---------- Provided records ----------
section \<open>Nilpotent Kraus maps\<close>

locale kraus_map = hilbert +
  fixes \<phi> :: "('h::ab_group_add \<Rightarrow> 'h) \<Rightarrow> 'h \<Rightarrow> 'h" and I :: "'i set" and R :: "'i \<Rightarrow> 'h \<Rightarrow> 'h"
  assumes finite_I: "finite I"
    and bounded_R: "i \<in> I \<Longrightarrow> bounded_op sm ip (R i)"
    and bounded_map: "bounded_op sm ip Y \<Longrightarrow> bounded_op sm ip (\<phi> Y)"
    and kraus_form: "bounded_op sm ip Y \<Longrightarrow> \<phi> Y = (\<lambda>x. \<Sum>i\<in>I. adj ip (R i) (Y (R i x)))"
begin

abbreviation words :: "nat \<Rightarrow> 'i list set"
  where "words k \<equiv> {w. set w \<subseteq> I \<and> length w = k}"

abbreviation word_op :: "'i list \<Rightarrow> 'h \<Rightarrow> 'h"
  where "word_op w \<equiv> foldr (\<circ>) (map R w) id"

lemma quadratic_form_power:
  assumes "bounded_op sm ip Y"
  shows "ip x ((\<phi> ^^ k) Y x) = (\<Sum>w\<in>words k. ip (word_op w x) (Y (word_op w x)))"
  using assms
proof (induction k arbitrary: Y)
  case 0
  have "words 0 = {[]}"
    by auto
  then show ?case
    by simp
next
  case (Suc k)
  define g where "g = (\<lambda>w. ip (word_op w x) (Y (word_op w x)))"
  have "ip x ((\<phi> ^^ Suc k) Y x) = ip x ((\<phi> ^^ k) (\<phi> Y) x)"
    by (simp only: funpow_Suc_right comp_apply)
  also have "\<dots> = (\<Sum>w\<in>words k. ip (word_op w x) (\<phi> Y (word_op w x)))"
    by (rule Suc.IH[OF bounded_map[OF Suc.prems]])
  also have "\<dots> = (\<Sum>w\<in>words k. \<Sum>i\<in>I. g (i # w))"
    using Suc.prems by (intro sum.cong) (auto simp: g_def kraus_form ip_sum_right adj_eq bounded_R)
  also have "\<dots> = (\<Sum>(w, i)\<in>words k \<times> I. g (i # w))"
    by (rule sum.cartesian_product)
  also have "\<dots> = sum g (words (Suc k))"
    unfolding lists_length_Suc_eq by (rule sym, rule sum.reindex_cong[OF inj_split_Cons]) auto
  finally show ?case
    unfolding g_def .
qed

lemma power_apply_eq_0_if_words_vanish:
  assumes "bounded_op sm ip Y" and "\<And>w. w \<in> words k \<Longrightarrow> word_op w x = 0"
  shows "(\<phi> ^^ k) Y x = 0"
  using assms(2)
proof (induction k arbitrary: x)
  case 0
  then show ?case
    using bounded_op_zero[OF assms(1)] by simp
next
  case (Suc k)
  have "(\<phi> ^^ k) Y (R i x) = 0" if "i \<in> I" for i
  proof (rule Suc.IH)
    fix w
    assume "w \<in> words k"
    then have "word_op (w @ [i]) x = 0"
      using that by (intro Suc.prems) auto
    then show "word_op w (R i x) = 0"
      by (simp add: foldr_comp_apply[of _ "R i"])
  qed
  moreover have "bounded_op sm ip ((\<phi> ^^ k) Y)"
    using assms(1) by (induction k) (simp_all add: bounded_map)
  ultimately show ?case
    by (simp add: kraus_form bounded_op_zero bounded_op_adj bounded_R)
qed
----------
---------- Provided records ----------
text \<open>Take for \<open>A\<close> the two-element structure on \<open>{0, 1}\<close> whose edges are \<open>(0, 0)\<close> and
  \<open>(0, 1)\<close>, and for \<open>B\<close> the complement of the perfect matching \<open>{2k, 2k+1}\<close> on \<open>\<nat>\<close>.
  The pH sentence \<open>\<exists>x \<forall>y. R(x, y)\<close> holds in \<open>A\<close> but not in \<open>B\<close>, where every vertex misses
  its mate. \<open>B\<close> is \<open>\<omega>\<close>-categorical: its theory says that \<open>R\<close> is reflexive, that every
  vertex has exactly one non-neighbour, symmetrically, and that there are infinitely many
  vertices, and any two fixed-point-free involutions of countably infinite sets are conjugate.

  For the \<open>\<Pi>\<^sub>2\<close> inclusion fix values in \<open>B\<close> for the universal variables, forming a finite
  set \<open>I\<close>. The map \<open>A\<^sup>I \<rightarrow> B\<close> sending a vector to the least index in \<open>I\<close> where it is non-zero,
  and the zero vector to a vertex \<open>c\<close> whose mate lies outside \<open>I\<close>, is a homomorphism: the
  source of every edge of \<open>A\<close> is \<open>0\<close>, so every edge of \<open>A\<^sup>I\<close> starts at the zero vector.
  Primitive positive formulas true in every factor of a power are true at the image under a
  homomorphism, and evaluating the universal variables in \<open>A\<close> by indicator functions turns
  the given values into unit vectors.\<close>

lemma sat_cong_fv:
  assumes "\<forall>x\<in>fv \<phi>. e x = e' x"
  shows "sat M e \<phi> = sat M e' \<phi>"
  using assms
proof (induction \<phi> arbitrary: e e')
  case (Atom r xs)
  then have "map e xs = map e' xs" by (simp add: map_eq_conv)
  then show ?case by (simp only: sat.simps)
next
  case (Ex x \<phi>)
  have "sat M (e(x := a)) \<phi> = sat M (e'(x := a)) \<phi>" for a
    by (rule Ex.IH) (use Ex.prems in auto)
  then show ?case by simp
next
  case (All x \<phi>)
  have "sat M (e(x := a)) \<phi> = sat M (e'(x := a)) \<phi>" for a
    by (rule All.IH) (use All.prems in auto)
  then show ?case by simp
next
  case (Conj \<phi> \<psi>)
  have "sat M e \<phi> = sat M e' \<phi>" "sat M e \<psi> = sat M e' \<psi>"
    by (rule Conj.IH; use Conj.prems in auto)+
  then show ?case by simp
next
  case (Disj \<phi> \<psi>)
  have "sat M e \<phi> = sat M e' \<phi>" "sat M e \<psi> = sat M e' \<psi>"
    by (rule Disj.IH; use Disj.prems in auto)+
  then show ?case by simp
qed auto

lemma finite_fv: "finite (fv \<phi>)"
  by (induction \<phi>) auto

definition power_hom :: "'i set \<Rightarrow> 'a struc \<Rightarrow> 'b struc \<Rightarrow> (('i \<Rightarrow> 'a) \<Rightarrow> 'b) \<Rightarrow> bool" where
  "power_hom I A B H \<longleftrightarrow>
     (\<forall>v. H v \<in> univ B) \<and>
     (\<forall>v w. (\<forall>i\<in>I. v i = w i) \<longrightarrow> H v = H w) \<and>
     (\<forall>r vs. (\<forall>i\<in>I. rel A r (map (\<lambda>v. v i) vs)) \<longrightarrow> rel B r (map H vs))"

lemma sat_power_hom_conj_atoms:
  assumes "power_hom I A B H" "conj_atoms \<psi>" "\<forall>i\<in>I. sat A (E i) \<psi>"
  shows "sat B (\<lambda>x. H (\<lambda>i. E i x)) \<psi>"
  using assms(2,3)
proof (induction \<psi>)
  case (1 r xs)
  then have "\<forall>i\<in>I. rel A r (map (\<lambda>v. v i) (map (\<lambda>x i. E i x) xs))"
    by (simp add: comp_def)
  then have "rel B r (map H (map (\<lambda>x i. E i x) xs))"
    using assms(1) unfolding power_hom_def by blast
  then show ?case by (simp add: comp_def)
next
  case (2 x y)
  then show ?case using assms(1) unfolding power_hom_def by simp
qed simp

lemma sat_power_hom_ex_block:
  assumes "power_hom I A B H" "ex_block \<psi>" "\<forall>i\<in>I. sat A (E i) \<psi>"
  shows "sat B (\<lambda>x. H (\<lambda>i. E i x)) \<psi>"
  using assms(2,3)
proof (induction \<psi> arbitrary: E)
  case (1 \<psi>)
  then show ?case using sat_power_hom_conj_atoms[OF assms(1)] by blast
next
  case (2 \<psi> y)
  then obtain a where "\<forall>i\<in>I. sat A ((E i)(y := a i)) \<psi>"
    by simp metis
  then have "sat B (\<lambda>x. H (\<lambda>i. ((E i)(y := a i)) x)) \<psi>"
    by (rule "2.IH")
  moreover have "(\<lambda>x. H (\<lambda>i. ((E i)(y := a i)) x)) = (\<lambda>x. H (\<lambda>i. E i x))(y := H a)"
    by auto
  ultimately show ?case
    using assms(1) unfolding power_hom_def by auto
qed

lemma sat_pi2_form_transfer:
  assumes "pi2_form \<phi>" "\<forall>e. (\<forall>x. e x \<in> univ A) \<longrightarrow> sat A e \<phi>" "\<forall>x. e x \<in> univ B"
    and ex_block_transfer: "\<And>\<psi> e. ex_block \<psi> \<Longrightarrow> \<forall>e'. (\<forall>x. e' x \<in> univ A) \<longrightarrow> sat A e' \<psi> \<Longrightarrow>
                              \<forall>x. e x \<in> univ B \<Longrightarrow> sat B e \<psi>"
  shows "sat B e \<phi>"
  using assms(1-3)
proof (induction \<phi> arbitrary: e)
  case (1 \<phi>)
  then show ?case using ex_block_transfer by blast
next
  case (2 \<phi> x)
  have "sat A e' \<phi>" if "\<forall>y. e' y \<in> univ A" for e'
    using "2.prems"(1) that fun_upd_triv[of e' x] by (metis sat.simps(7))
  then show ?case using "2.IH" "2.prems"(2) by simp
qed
----------
Please return the lines above that run from the line containing "by simp metis" to the line containing "using assms(1-3)", inclusive, exactly and with no other lines.

Completed task:
    by simp metis
  then have "sat B (\<lambda>x. H (\<lambda>i. ((E i)(y := a i)) x)) \<psi>"
    by (rule "2.IH")
  moreover have "(\<lambda>x. H (\<lambda>i. ((E i)(y := a i)) x)) = (\<lambda>x. H (\<lambda>i. E i x))(y := H a)"
    by auto
  ultimately show ?case
    using assms(1) unfolding power_hom_def by auto
qed

lemma sat_pi2_form_transfer:
  assumes "pi2_form \<phi>" "\<forall>e. (\<forall>x. e x \<in> univ A) \<longrightarrow> sat A e \<phi>" "\<forall>x. e x \<in> univ B"
    and ex_block_transfer: "\<And>\<psi> e. ex_block \<psi> \<Longrightarrow> \<forall>e'. (\<forall>x. e' x \<in> univ A) \<longrightarrow> sat A e' \<psi> \<Longrightarrow>
                              \<forall>x. e x \<in> univ B \<Longrightarrow> sat B e \<psi>"
  shows "sat B e \<phi>"
  using assms(1-3)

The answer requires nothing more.